→ **The task**: Lines that contain the string "identified" are the ones to list; copy all of them from the records.

Data extracted from a collection
----
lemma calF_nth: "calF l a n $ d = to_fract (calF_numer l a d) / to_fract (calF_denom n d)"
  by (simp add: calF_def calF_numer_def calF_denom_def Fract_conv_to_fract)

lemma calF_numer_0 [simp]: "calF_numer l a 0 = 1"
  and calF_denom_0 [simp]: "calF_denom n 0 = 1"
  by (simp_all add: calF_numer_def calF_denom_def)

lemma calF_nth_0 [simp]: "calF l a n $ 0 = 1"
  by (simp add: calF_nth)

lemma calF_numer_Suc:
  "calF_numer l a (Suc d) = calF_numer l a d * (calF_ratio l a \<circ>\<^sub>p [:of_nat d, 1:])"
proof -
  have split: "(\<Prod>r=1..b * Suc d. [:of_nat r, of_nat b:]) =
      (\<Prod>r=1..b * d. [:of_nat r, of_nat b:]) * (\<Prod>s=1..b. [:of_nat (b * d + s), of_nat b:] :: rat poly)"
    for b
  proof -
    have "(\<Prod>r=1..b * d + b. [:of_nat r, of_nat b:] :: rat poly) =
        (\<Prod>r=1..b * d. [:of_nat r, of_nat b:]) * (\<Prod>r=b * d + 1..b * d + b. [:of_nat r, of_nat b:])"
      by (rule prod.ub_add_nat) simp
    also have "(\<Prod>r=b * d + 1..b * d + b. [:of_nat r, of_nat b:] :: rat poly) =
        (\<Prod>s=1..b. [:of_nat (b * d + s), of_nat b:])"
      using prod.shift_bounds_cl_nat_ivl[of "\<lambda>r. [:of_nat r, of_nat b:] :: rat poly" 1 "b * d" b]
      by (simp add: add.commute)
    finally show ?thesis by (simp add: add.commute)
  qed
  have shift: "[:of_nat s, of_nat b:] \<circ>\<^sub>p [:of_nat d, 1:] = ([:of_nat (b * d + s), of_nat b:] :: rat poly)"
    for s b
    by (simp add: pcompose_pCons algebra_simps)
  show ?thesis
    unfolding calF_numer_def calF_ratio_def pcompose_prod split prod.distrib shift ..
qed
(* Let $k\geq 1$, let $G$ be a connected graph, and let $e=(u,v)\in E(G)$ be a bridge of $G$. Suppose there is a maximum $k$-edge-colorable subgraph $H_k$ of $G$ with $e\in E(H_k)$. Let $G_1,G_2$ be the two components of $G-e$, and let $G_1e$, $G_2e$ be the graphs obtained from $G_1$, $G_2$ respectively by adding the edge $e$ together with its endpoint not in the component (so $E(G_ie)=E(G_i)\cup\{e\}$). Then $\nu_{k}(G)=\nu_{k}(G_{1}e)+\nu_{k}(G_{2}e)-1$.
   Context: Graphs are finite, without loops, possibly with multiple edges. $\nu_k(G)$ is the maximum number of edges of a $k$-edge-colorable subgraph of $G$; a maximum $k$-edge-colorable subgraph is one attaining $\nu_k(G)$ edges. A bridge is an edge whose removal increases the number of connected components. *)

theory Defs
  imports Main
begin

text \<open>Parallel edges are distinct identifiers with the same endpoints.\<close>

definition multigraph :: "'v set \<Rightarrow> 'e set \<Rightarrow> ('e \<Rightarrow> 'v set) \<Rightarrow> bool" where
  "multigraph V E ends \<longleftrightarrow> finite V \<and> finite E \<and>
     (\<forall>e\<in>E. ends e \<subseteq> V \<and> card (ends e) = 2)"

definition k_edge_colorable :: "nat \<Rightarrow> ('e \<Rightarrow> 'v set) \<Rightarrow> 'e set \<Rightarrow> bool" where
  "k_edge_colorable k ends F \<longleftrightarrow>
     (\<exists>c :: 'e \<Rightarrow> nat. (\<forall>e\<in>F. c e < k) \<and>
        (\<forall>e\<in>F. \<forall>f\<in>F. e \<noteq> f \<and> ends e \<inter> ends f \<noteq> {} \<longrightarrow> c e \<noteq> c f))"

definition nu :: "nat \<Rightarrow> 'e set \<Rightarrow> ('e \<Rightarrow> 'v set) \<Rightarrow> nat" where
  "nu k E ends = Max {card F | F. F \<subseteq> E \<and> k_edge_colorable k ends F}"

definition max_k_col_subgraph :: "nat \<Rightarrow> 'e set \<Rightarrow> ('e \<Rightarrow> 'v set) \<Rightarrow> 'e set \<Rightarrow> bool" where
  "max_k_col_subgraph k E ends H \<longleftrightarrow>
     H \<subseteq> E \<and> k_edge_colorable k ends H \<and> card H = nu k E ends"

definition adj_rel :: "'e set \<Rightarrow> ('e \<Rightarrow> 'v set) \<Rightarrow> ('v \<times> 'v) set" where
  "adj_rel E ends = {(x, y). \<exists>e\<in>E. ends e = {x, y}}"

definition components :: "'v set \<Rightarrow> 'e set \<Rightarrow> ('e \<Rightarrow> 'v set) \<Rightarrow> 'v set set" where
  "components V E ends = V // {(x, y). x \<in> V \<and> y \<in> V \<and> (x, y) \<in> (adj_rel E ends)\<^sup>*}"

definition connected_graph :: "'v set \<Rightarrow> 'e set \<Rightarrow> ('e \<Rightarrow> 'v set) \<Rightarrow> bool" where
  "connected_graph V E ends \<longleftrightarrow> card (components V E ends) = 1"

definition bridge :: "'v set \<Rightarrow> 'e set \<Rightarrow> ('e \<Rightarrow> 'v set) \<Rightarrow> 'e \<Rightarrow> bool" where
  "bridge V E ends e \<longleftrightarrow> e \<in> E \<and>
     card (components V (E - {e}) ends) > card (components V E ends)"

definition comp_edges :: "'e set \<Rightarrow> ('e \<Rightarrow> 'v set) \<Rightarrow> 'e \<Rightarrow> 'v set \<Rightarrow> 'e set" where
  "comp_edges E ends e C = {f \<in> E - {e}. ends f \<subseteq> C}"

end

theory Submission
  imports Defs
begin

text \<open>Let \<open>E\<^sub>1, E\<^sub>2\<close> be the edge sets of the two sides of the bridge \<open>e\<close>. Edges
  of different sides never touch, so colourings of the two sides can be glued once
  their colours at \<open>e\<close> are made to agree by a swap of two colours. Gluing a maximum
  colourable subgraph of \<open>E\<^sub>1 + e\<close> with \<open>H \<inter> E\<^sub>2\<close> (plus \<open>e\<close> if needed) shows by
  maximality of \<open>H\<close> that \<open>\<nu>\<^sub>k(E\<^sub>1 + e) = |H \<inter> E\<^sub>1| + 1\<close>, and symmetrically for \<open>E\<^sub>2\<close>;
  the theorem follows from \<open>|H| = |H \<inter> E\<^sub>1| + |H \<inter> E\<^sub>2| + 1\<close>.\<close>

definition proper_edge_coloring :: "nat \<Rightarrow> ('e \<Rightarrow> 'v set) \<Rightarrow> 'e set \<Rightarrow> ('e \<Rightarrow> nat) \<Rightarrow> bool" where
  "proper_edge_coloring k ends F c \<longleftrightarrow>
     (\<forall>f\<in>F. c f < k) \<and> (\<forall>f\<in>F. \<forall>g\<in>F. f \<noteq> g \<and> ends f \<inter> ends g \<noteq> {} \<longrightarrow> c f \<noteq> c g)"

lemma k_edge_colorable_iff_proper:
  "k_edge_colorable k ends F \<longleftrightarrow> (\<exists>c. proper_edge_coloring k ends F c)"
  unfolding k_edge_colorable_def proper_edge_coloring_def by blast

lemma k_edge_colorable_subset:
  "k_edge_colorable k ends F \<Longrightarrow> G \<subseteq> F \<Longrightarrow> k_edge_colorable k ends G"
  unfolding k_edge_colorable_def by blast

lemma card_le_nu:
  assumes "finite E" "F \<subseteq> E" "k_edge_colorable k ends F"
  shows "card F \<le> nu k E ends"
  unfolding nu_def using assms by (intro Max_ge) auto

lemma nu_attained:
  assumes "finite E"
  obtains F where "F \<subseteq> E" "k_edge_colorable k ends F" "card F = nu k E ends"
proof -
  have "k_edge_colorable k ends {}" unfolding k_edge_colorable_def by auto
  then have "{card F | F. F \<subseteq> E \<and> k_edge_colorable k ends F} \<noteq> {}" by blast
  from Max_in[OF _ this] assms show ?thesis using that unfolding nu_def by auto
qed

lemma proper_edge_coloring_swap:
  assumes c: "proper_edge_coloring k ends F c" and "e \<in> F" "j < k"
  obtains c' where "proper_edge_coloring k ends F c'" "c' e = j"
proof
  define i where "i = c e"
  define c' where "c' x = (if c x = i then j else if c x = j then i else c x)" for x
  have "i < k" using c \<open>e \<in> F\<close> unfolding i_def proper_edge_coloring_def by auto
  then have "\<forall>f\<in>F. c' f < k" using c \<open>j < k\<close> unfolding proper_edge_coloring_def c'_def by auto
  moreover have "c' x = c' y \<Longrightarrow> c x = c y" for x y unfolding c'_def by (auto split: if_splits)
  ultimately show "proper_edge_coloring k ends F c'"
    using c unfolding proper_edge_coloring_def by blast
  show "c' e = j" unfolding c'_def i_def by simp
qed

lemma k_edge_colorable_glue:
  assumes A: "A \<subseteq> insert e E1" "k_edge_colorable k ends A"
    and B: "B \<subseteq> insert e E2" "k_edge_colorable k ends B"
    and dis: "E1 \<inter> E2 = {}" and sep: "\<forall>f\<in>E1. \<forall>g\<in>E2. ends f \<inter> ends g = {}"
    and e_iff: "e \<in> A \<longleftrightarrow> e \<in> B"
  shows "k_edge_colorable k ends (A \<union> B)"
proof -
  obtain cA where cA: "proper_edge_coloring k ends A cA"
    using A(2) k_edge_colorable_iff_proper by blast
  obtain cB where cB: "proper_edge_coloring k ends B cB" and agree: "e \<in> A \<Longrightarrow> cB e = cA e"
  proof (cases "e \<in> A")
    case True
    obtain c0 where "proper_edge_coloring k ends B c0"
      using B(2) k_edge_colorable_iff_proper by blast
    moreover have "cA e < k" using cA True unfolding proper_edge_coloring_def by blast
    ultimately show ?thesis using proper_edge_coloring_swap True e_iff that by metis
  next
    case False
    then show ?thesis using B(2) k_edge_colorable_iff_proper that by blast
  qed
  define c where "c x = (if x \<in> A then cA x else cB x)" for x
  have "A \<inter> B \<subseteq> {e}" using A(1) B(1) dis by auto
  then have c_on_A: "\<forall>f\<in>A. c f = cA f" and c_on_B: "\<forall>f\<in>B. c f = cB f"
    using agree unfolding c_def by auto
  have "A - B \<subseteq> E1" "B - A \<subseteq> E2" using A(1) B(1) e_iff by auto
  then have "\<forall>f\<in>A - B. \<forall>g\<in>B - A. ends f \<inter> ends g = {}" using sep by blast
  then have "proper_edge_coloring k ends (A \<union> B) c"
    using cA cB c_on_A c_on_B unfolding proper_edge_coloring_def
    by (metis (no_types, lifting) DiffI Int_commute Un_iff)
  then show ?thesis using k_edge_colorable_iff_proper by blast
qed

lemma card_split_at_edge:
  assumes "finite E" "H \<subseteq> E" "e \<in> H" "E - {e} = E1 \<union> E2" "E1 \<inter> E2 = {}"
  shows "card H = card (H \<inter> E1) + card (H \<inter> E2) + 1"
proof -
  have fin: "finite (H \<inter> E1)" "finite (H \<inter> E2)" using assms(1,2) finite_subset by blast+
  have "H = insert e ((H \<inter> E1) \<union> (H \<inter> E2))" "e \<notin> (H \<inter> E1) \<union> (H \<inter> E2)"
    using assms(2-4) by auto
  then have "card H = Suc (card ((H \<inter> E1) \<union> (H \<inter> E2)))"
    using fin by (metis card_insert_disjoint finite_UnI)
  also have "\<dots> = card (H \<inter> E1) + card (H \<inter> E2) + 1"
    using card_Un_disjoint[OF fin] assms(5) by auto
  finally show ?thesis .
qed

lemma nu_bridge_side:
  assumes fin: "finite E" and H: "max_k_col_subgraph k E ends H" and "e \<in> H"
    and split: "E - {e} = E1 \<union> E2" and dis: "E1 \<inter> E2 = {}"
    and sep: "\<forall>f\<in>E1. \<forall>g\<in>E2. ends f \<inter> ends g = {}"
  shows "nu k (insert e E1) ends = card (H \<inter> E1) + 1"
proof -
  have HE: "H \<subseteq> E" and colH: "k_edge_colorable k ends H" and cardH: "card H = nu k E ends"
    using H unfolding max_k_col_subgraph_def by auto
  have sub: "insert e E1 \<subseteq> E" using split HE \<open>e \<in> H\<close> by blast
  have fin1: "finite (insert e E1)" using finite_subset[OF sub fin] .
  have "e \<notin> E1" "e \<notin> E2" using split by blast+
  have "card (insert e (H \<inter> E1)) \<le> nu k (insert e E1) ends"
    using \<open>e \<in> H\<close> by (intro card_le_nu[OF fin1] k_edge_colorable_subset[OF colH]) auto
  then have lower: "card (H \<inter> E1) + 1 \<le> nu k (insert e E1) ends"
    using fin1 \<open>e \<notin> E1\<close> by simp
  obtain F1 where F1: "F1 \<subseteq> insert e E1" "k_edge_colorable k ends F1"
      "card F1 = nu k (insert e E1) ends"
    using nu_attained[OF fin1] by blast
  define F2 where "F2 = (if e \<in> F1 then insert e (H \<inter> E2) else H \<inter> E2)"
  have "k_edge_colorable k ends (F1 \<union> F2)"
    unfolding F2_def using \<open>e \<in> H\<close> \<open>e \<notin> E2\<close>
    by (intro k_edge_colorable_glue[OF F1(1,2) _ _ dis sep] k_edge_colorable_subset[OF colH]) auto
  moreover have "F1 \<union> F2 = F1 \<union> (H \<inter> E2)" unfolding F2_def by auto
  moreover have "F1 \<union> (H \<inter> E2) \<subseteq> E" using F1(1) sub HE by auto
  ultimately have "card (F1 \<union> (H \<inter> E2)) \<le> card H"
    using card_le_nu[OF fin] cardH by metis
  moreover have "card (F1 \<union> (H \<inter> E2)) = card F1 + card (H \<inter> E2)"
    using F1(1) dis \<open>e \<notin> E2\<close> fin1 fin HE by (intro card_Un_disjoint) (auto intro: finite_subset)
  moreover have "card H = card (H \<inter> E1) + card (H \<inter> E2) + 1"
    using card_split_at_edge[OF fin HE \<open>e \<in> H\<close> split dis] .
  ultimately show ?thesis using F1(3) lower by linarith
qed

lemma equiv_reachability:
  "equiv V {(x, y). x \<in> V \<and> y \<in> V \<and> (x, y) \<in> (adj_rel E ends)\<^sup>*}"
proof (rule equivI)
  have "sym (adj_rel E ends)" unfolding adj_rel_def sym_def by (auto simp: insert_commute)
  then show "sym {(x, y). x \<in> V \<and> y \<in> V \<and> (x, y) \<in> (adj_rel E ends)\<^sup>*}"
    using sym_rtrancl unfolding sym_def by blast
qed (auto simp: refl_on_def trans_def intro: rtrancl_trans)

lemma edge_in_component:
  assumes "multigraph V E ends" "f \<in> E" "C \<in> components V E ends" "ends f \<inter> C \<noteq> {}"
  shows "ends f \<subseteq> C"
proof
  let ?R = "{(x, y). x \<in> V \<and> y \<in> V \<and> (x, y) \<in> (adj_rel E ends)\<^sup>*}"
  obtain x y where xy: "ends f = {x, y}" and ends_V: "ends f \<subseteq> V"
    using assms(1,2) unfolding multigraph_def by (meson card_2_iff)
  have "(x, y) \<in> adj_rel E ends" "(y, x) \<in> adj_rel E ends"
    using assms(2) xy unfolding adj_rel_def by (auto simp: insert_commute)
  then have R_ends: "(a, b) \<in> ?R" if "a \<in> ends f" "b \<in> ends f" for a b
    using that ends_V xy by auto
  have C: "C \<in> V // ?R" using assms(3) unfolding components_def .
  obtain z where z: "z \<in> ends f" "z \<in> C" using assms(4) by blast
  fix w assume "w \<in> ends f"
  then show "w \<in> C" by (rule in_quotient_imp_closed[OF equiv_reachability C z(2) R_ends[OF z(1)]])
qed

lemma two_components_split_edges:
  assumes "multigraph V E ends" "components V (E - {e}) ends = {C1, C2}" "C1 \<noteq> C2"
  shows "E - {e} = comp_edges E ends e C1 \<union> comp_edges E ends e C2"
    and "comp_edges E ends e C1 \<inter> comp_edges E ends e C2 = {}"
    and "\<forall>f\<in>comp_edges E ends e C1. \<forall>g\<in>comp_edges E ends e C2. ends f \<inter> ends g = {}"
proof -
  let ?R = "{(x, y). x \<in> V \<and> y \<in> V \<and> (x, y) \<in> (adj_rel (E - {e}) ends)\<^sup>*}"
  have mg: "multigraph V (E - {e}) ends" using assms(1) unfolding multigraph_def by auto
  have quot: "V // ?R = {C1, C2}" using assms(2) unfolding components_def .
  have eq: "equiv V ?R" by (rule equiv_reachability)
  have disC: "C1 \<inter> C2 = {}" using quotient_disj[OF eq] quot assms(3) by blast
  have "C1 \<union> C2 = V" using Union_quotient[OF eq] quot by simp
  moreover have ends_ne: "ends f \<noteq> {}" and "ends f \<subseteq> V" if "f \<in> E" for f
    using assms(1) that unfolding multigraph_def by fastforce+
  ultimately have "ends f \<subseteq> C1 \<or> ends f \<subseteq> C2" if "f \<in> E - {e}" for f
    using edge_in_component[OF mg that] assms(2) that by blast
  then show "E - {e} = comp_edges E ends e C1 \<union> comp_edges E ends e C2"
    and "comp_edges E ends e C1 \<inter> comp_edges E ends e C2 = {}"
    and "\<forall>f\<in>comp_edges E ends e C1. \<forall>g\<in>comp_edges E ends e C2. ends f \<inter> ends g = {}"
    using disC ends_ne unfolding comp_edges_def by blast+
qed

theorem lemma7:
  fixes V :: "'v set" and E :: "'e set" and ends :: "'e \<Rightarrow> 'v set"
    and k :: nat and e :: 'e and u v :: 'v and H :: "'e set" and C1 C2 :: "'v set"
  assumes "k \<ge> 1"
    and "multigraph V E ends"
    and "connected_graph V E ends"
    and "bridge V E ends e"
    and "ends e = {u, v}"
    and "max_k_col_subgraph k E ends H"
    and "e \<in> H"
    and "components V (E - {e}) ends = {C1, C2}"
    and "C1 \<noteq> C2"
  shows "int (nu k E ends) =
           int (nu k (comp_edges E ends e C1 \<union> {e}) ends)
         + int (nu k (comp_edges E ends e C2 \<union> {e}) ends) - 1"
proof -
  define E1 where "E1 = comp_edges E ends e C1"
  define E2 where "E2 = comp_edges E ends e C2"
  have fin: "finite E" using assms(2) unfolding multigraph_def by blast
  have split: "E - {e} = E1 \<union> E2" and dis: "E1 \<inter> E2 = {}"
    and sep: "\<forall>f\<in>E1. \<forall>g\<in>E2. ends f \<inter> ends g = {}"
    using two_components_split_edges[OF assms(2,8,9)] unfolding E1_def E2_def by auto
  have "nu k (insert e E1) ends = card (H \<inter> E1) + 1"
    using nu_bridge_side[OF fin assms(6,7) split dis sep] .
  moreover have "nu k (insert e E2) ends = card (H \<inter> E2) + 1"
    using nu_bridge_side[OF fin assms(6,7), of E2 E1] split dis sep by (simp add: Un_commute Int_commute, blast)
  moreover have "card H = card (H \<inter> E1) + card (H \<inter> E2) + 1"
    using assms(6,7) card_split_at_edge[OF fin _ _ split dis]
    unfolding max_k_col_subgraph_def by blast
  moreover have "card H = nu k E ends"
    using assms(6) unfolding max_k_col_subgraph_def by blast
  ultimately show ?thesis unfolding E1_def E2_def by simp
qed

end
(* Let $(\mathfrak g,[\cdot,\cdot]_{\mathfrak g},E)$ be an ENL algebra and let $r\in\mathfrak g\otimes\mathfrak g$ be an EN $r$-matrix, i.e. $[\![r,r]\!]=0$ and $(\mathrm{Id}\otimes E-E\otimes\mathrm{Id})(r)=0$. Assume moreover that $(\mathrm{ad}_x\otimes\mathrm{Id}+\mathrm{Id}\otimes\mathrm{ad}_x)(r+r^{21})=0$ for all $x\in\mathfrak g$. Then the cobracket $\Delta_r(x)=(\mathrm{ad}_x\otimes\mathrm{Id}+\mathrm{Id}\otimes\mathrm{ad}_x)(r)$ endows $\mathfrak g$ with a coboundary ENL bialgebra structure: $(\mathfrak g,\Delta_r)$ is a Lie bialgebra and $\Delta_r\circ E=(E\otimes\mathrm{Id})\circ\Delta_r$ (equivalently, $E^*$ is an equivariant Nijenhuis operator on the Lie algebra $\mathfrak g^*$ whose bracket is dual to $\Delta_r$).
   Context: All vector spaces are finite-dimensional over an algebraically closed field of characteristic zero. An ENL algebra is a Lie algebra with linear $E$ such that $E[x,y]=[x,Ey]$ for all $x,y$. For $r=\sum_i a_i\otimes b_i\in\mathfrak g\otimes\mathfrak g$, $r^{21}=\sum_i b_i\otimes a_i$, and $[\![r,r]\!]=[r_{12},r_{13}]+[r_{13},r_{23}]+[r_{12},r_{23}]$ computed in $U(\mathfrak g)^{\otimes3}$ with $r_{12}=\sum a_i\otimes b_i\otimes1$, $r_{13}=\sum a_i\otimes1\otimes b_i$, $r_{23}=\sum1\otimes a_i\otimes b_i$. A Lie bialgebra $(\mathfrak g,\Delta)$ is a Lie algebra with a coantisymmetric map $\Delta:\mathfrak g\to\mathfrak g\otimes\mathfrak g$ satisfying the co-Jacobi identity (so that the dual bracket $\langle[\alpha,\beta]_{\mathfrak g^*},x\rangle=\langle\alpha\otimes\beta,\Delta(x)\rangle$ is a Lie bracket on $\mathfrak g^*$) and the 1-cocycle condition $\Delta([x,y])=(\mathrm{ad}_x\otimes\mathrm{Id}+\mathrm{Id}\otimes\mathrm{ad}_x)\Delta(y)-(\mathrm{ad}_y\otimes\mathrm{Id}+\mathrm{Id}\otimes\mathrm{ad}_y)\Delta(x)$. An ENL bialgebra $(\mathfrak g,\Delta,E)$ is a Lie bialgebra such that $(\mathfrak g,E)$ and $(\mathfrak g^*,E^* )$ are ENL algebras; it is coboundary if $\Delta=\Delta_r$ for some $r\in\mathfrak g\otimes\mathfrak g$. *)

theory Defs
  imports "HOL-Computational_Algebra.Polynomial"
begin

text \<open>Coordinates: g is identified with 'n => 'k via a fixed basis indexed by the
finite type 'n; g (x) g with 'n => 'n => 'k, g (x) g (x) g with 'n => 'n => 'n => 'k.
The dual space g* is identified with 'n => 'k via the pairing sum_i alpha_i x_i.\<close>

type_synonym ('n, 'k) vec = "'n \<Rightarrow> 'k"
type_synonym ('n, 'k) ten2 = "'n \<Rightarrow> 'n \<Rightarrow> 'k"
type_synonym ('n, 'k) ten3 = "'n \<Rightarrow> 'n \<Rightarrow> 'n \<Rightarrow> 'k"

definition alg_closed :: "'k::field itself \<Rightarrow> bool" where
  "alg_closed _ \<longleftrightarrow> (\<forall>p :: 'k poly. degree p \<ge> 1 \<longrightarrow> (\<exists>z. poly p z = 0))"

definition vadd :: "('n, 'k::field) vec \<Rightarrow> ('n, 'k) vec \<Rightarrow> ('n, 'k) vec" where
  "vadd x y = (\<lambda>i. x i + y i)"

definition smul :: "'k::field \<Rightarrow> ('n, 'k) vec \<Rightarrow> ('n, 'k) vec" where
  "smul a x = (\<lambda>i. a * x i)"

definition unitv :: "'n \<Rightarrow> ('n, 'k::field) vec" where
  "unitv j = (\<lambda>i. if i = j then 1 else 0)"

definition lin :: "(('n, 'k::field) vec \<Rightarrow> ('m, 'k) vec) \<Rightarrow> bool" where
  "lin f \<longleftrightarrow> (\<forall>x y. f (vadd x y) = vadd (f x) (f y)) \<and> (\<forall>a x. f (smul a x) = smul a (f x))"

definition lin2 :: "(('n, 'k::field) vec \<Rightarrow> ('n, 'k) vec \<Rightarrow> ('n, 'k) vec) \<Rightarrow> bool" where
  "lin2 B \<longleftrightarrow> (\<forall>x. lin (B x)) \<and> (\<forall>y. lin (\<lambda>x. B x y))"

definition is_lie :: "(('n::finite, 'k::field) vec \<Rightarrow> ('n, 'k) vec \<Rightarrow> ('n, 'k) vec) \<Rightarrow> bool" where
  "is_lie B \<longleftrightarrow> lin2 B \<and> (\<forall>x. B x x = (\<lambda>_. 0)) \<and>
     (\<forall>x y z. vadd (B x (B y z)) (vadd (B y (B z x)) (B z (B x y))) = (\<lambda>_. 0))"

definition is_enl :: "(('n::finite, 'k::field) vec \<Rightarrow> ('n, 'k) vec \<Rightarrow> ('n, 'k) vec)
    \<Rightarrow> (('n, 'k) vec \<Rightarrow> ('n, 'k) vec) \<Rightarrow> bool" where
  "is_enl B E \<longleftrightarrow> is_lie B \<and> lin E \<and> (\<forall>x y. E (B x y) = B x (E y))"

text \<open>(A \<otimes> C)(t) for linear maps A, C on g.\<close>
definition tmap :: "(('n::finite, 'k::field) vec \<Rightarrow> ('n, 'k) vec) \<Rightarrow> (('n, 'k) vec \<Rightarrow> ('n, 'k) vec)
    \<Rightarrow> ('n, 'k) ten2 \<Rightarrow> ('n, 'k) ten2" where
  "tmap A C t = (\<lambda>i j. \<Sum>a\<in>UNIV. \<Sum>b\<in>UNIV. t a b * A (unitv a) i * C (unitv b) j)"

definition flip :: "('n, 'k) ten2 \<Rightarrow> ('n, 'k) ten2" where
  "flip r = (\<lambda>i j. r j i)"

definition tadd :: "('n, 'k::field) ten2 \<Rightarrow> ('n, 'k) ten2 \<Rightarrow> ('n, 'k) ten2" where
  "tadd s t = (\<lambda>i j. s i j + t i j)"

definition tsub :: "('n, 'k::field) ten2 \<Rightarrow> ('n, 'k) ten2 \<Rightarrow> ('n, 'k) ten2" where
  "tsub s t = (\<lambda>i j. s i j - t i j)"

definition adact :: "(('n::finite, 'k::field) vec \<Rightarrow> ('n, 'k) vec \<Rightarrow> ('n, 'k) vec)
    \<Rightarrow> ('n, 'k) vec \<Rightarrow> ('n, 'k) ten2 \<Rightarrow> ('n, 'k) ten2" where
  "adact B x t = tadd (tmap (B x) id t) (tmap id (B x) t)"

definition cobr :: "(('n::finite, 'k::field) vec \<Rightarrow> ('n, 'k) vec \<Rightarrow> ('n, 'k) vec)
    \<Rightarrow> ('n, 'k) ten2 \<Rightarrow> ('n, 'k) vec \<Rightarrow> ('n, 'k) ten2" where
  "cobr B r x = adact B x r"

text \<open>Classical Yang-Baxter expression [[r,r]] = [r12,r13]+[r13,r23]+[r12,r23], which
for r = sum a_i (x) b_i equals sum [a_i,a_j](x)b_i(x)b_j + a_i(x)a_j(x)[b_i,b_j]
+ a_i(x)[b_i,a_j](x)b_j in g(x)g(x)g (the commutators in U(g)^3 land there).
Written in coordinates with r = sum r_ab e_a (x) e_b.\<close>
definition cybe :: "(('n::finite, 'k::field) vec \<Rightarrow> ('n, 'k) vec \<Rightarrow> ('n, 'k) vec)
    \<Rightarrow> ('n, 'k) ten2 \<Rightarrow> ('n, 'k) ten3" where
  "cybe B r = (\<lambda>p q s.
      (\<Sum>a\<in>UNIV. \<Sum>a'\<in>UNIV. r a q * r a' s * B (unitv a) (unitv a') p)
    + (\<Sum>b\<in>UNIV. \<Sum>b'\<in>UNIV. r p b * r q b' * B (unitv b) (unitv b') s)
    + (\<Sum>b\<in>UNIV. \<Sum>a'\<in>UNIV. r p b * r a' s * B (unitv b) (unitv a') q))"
----
→ **Final answer**:
text \<open>Coordinates: g is identified with 'n => 'k via a fixed basis indexed by the
The dual space g* is identified with 'n => 'k via the pairing sum_i alpha_i x_i.\<close>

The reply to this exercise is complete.